BIMCO Interoperability Pilot

Workshop: BIMCO interoperability pilot of digital seafarer certificate vault for solution providers

The maritime industry has traditionally relied on paper-based and PDF formats for seafarers’ certificates, including STCW certificates of competency and proficiency, as well as other personal qualifications. While PDF-based solutions represent a step towards digitalisation, they continue to present significant challenges related to storage, verification, accessibility, portability, and fraud prevention for seafarers, training institutions, flag States, crew managers, and ship operators. 

 

In response, BIMCO has developed a standardised data model for electronic seafarer certificates, which has now been adopted into the IMO Compendium on Facilitation and Electronic Business. This model is intended to serve as a common semantic foundation to support harmonisation, interoperability, and trust across digital certification platforms. 

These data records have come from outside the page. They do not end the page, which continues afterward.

(* Let $\mathcal{A}$ be an admissibly deflation-percolating subcategory of a conflation category $\mathcal{C}$. Let $f\colon C\to A$ be a morphism in $\mathcal{C}$ with $A\in\mathcal{A}$. If $f$ is a monomorphism, then $f$ is an inflation; if $f$ is an epimorphism, then $f$ is a deflation. In particular, every morphism $X\to 0$ is a deflation.
   Context: A conflation category is an additive category together with a class of kernel-cokernel pairs $A\xrightarrow{f}B\xrightarrow{g}C$ ($f=\ker g$, $g=\operatorname{coker} f$), closed under isomorphisms, called conflations; first map an inflation, second a deflation. A non-empty full subcategory $\mathcal{A}$ of a conflation category $\mathcal{C}$ is admissibly deflation-percolating if: (A1) for every conflation $A'\rightarrowtail A\twoheadrightarrow A''$, $A\in\mathcal{A}$ iff $A',A''\in\mathcal{A}$; (A2) every morphism $C\to A$ with $A\in\mathcal{A}$ factors as a deflation $C\twoheadrightarrow A'$ followed by an inflation $A'\rightarrowtail A$ with $A'\in\mathcal{A}$; (A3) if $a\colon C\rightarrowtail D$ is an inflation and $b\colon C\twoheadrightarrow A$ a deflation with $A\in\mathcal{A}$, the pushout of $a$ along $b$ exists and yields a deflation $D\twoheadrightarrow P$ and an inflation $A\rightarrowtail P$. *)

theory Defs
  imports Main
begin

text \<open>An (additive) category presented concretely: objects, morphisms, domain,
 codomain, identities, composition (Cp g f = g after f), and the abelian group
 structure on hom-sets (addition, zero morphisms, negation).\<close>

record ('o, 'm) precat =
  Ob :: "'o set"
  Ar :: "'m set"
  Dm :: "'m \<Rightarrow> 'o"
  Cd :: "'m \<Rightarrow> 'o"
  Idm :: "'o \<Rightarrow> 'm"
  Cp :: "'m \<Rightarrow> 'm \<Rightarrow> 'm"
  Ad :: "'m \<Rightarrow> 'm \<Rightarrow> 'm"
  Zr :: "'o \<Rightarrow> 'o \<Rightarrow> 'm"
  Ng :: "'m \<Rightarrow> 'm"

definition hom :: "('o, 'm) precat \<Rightarrow> 'o \<Rightarrow> 'o \<Rightarrow> 'm set" where
  "hom C X Y = {f \<in> Ar C. Dm C f = X \<and> Cd C f = Y}"

definition is_category :: "('o, 'm) precat \<Rightarrow> bool" where
  "is_category C \<longleftrightarrow>
     (\<forall>f \<in> Ar C. Dm C f \<in> Ob C \<and> Cd C f \<in> Ob C) \<and>
     (\<forall>X \<in> Ob C. Idm C X \<in> hom C X X) \<and>
     (\<forall>X Y Z f g. f \<in> hom C X Y \<longrightarrow> g \<in> hom C Y Z \<longrightarrow> Cp C g f \<in> hom C X Z) \<and>
     (\<forall>X Y f. f \<in> hom C X Y \<longrightarrow> Cp C f (Idm C X) = f \<and> Cp C (Idm C Y) f = f) \<and>
     (\<forall>W X Y Z f g h. f \<in> hom C W X \<longrightarrow> g \<in> hom C X Y \<longrightarrow> h \<in> hom C Y Z \<longrightarrow>
        Cp C h (Cp C g f) = Cp C (Cp C h g) f)"

definition is_preadditive :: "('o, 'm) precat \<Rightarrow> bool" where
  "is_preadditive C \<longleftrightarrow> is_category C \<and>
     (\<forall>X \<in> Ob C. \<forall>Y \<in> Ob C.
        Zr C X Y \<in> hom C X Y \<and>
        (\<forall>f \<in> hom C X Y. \<forall>g \<in> hom C X Y. Ad C f g \<in> hom C X Y) \<and>
        (\<forall>f \<in> hom C X Y. Ng C f \<in> hom C X Y) \<and>
        (\<forall>f \<in> hom C X Y. \<forall>g \<in> hom C X Y. \<forall>h \<in> hom C X Y.
           Ad C (Ad C f g) h = Ad C f (Ad C g h)) \<and>
        (\<forall>f \<in> hom C X Y. \<forall>g \<in> hom C X Y. Ad C f g = Ad C g f) \<and>
        (\<forall>f \<in> hom C X Y. Ad C f (Zr C X Y) = f) \<and>
        (\<forall>f \<in> hom C X Y. Ad C f (Ng C f) = Zr C X Y)) \<and>
     (\<forall>X Y Z f g h. f \<in> hom C X Y \<longrightarrow> g \<in> hom C X Y \<longrightarrow> h \<in> hom C Y Z \<longrightarrow>
        Cp C h (Ad C f g) = Ad C (Cp C h f) (Cp C h g)) \<and>
     (\<forall>X Y Z f g h. h \<in> hom C X Y \<longrightarrow> f \<in> hom C Y Z \<longrightarrow> g \<in> hom C Y Z \<longrightarrow>
        Cp C (Ad C f g) h = Ad C (Cp C f h) (Cp C g h))"
section \<open>\<open>p\<close>-adic approximation\<close>

lemma p_local_poly_value_gen_euler:
  assumes "dirichlet_char f \<chi>" and "odd f" and "odd p"
  shows "p_local_poly_value p (cis (2 * pi / real (totient f))) (gen_euler f \<chi> n)"
proof (induction n rule: less_induct)
  case (less n)
  have sum_diff: "(\<Sum>a=1..f. (-1) ^ a * \<chi> a * of_nat a ^ n) - gen_euler f \<chi> n
          = of_nat f * (\<Sum>i<n. of_nat (n choose i) * of_nat f ^ (n - i - 1) * gen_euler f \<chi> i) / 2"
    using euler_sum_minus_gen_euler[of \<chi> f 1 n, OF dirichlet_char_periodic[OF assms(1)] assms(2)]
    by simp
  hence "gen_euler f \<chi> n = (\<Sum>a=1..f. (-1) ^ a * \<chi> a * of_nat a ^ n)
          - of_nat f * (\<Sum>i<n. of_nat (n choose i) * of_nat f ^ (n - i - 1) * gen_euler f \<chi> i) / 2"
    unfolding sum_diff[symmetric] by simp
  also have "p_local_poly_value p (cis (2 * pi / real (totient f))) \<dots>"
    by (intro p_local_poly_value_diff p_local_poly_value_sum p_local_poly_value_mult
        p_local_poly_value_half[OF assms(3)] p_local_poly_value_power p_local_poly_value_uminus
        p_local_poly_value_of_nat p_local_poly_value_1 p_local_poly_value_dirichlet_char[OF assms(1)])
       (simp add: less)
  finally show ?case .
qed
(* Let $X\in C^\infty(\mathbb T;\mathbb R)$ have at least one zero and no degenerate zero, and let $K^\pm$ be as below. For every sufficiently small $\sigma>0$ there exists a smooth function $\eta_\sigma:\mathbb T\to\mathbb R$ with $\eta_\sigma\equiv1$ on $K^+$, $\eta_\sigma\equiv0$ on $K^-$, and $$\Big|\frac{d}{dt}\Big|_{t=0}\eta_\sigma(X^t(x,\xi))\Big|=|X(x)\eta_\sigma'(x)|<\sigma\qquad\forall (x,\xi)\in\mathbb T\times\mathbb R,$$ where $X^t(x,\xi)$ is the $x$-component of the flow of $\mathcal X_h(x,\xi)=(X(x),-\xi X'(x))$.
   Context: $\mathbb T:=\mathbb R/2\pi\mathbb Z$; $K^+:=\{x:X(x)=0,X'(x)<0\}$, $K^-:=\{x:X(x)=0,X'(x)>0\}$. *)

theory Defs
  imports "HOL-Analysis.Analysis"
begin

text \<open>Functions on the torus T = R/2piZ are represented as 2pi-periodic functions on R.\<close>
definition periodic_2pi :: "(real \<Rightarrow> real) \<Rightarrow> bool" where
  "periodic_2pi f \<longleftrightarrow> (\<forall>x. f (x + 2 * pi) = f x)"

definition smooth_real :: "(real \<Rightarrow> real) \<Rightarrow> bool" where
  "smooth_real f \<longleftrightarrow> (\<forall>n x. ((deriv ^^ n) f) differentiable (at x))"

definition Kplus :: "(real \<Rightarrow> real) \<Rightarrow> real set" where
  "Kplus X = {x. X x = 0 \<and> deriv X x < 0}"

definition Kminus :: "(real \<Rightarrow> real) \<Rightarrow> real set" where
  "Kminus X = {x. X x = 0 \<and> deriv X x > 0}"

end
lemma bounded_depth_W':
  assumes depth: "bounded_depth n W le"
  shows "bounded_depth n W' le'"
  unfolding bounded_depth_def
proof
  assume "\<exists>f. (\<forall>i\<le>n. f i \<in> W') \<and> inj_on f {0..n} \<and> (\<forall>i<n. le' (f i) (f (Suc i)))"
  then obtain f where f: "\<And>i. i \<le> n \<Longrightarrow> f i \<in> W'" "inj_on f {0..n}"
    "\<And>i. i < n \<Longrightarrow> le' (f i) (f (Suc i))" by blast
  obtain m where n: "n = Suc m" using bounded_depth_pos[OF depth w_in] gr0_conv_Suc by blast
  obtain g where g: "\<And>i. i \<le> n \<Longrightarrow> g i \<in> cone \<and> f i = cls (g i)"
    and step: "\<And>i. i < n \<Longrightarrow> snd (g i) = snd (g (Suc i)) \<and> le (fst (g i)) (fst (g (Suc i)))"
    using W'_chain_lift[OF n f] by blast
  have level: "snd (g i) = snd (g 0)" if "i \<le> n" for i
    using that
  proof (induction i)
    case (Suc i)
    then show ?case using step[of i] by simp
  qed simp
  have "inj_on (\<lambda>i. fst (g i)) {0..n}"
  proof (rule inj_onI)
    fix i j assume ij: "i \<in> {0..n}" "j \<in> {0..n}" "fst (g i) = fst (g j)"
    moreover have "snd (g i) = snd (g j)" using level[of i] level[of j] ij by simp
    ultimately have "g i = g j" by (simp add: prod_eq_iff)
    then have "f i = f j" using g ij by auto
    then show "i = j" using inj_onD[OF f(2)] ij by blast
  qed
  moreover have "\<forall>i\<le>n. fst (g i) \<in> W" using g cone_D by blast
  moreover have "\<forall>i<n. le (fst (g i)) (fst (g (Suc i)))" using step by blast
  ultimately show False
    using depth unfolding bounded_depth_def by (blast intro: exI[of _ "\<lambda>i. fst (g i)"])
qed

end

theorem lemma4p13:
  fixes n :: nat
    and W :: "'w set" and le :: "'w \<Rightarrow> 'w \<Rightarrow> bool" and S :: "'w \<Rightarrow> 'w"
    and V :: "'w \<Rightarrow> ('p::countable) set" and w :: 'w
  assumes "itl_bd_model n W le S V"
    and "w \<in> W"
    and "\<forall>p. sat W le S V w (Box (Or (Neg (Atom p)) (Neg (Neg (Atom p)))))"
  shows "\<exists>(W' :: ('w \<times> nat) set set) le' S' V' w'.
           itl_bd_model n W' le' S' V' \<and> w' \<in> W' \<and>
           (\<exists>Z. itl_bisim W le S V W' le' S' V' Z \<and>
              (\<forall>i. ((S ^^ i) w, (S' ^^ i) w') \<in> Z \<and> unique_max_above W' le' ((S' ^^ i) w')))"
proof -
  have model: "itl_model W le S V" and persistent: "persistent_frame W le S"
    and depth: "bounded_depth n W le"
    using assms(1) unfolding itl_bd_model_def by blast+
  have frame: "itl_frame W le S" using model unfolding itl_model_def by blast
  have wem: "sat W le S V ((S ^^ k) w) (Or (Neg (Atom p)) (Neg (Neg (Atom p))))" for k p
    using assms(3)[rule_format, of p] unfolding sat_Box by blast
  interpret maximal_collapse W le S V w
  proof
    show "\<exists>m. maximal_world W le m \<and> le x m" if "x \<in> W" for x
      by (rule bounded_depth_ex_maximal[OF depth that itl_frame_refl[OF frame]
            itl_frame_antisym[OF frame] itl_frame_trans[OF frame]])
    show "V m = V m'" if "maximal_world W le m" "maximal_world W le m'"
      "le ((S ^^ k) w) m" "le ((S ^^ k) w) m'" for k m m'
      by (intro set_eqI) (rule sat_wem_maximal_agree[OF wem that])
  qed (fact model persistent assms(2))+
  show ?thesis
  proof (intro exI conjI allI)
    show "itl_bd_model n W' le' S' V'"
      unfolding itl_bd_model_def using model' persistent' bounded_depth_W'[OF depth] by blast
    show "cls (w, 0) \<in> W'" using cls_in_W'[OF orbit_cone[of 0]] by simp
    show "itl_bisim W le S V W' le' S' V' Z" by (rule bisim)
    fix i
    show "((S ^^ i) w, (S' ^^ i) (cls (w, 0))) \<in> Z"
      using S'_orbit orbit_cone unfolding Z_def by blast
    show "unique_max_above W' le' ((S' ^^ i) (cls (w, 0)))"
      using S'_orbit unique_max_above_cls orbit_cone by simp
  qed
qed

BIMCO House, Copenhagen Bagsværdvej 161, 2880 , Copenhagen (Bagsværd), Denmark
17 Sept 2026 - 17 Sept 2026 1 day
Jeppe Skovbakke Juhl Chief Naval Architect
Event

The purpose of the workshop is to demonstrate, in a practical and transparent manner, that genuine interoperability between independent digital certificate vault solutions is achievable when using the IMO Compendium reference model.

Solution providers are invited to pilot the exchange of a defined set of electronic seafarer certificates between respective platforms, without loss, alteration, or invalidation of data. The exercise is non-competitive, non-evaluative, and not a compliance audit. It is intended solely to illustrate interoperability in practice and to build confidence among industry stakeholders.

The workshop is explicitly not a “blame and shame” exercise, nor will BIMCO publish comparative rankings, individual pass/fail results, or commercial assessments of individual solutions. BIMCO will however report the result in a neutral and balanced manner to the IMO.  

The interoperability pilot will be conducted under the Chatham House Rule, meaning that information shared during the exercise may be used, but neither the identity nor the affiliation of participants will be disclosed.

 

Key principles 

The pilot will be guided by four overarching principles:

  1. Interoperability across the industry
    Digital certificate platforms must integrate seamlessly across shipowners, managers, and service providers, ensuring continuity of seafarers’ certification records throughout their careers.
  2. Seamless migration between digital certificate vaults
    Seafarers must be able to securely transfer their complete set of certificates between approved vault providers - for example when changing employer or assignment - without degradation, loss, or re-validation.
  3. International recognition of identity
    Digital certificates should be supported by robust digital identity mechanisms aligned with relevant international standards (e.g. ICAO, ISO, OpenID Foundation), to strengthen trust, reduce fraud, and streamline verification.
  4. Data protection and confidentiality
    Platforms must ensure that sensitive personal and certification data remains confidential and accessible only to authorised parties, in accordance with applicable data-protection frameworks. 

Participation

We welcome independent solution providers of digital seafarer certificate vault solutions that support, or intend to support, the IMO Compendium data model for electronic certificates. 

If your organisation is interested in participating, please confirm your availability by Friday, 14th August 2026 to Jeppe Skovbakke Juhl, jsj@bimco.org.

BIMCO will then provide detailed technical arrangements and the Terms of Reference for the interoperability pilot in advance. 

BIMCO believes that demonstrating interoperability in practice is a critical step towards broad industry adoption of electronic seafarer certificates and we welcome your contribution to this collaborative effort.